── Data excerpts
text \<open>Hyperbolic approximation (vertex data). V k is the set of level-k vertices.\<close>
definition separated :: "real \<Rightarrow> 'a::metric_space set \<Rightarrow> bool" where
  "separated \<epsilon> S \<longleftrightarrow> (\<forall>x\<in>S. \<forall>y\<in>S. x \<noteq> y \<longrightarrow> dist x y \<ge> \<epsilon>)"

definition max_separated :: "real \<Rightarrow> 'a::metric_space set \<Rightarrow> bool" where
  "max_separated \<epsilon> S \<longleftrightarrow> separated \<epsilon> S \<and> (\<forall>T. S \<subseteq> T \<and> separated \<epsilon> T \<longrightarrow> T = S)"

definition hyp_k0 :: "real \<Rightarrow> 'a::metric_space itself \<Rightarrow> int" where
  "hyp_k0 r T = (GREATEST k::int. diameter (UNIV::'a set) < r powi k)"

definition hyp_approx :: "real \<Rightarrow> (int \<Rightarrow> 'a::metric_space set) \<Rightarrow> bool" where
  "hyp_approx r V \<longleftrightarrow> 0 < r \<and> r \<le> 1/6
     \<and> (\<forall>k. k \<ge> hyp_k0 r TYPE('a) \<longrightarrow> max_separated (r powi k) (V k))
     \<and> (\<forall>k. k < hyp_k0 r TYPE('a) \<longrightarrow> V k = {})"

definition hball :: "real \<Rightarrow> int \<Rightarrow> 'a::metric_space \<Rightarrow> 'a set" where
  "hball r k v = ball v (2 * r powi k)"

definition hyp_BU :: "real \<Rightarrow> (int \<Rightarrow> 'a::metric_space set) \<Rightarrow> nat \<Rightarrow> 'a set \<Rightarrow> 'a set" where
  "hyp_BU r V j U = \<Union>{hball r (int j + 1) v | v. v \<in> V (int j + 1) \<and> hball r (int j + 1) v \<inter> U \<noteq> {}}"

end

(* At each scale r^j, j >= 1, take an (n+1)-coloured cover with mesh r^j/2 and Lebesgue number
   proportional to r^j, and shrink every member W to its core, the points whose (delta/8) r^j-ball
   lies in W; cores of equal colour and level are then (delta/8) r^j apart. The member attached to W
   is the least set that contains the r^(j+1)-neighbourhood of the core and swallows the whole
   4 r^(l+1)-neighbourhood of every finer enlarged member of its colour (of level l) that it meets,
   which gives the separation property by construction. The point is that swallowing does not
   make the sets grow: every point stays within 3 r^(j+1) of the core. Such a point is reached along
   a chain of linked cores of strictly increasing level, so the distances add up to a geometric
   series; when a new member has the level of one already in the chain, the separation of cores
   forces the two to coincide, and the chain is cut there. *)

theory Submission
  imports Defs
begin

lemma diameter_le_dist:
  fixes S :: "'a::metric_space set"
  assumes "\<And>x y. x \<in> S \<Longrightarrow> y \<in> S \<Longrightarrow> dist x y \<le> d" and "0 \<le> d"
  shows "diameter S \<le> d"
  using assms by (auto simp: diameter_def intro!: cSUP_least)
────
**What this task involves:**
Collect from the data above every line that includes "bool".

**Answer section:**
definition separated :: "real \<Rightarrow> 'a::metric_space set \<Rightarrow> bool" where
definition max_separated :: "real \<Rightarrow> 'a::metric_space set \<Rightarrow> bool" where
definition hyp_approx :: "real \<Rightarrow> (int \<Rightarrow> 'a::metric_space set) \<Rightarrow> bool" where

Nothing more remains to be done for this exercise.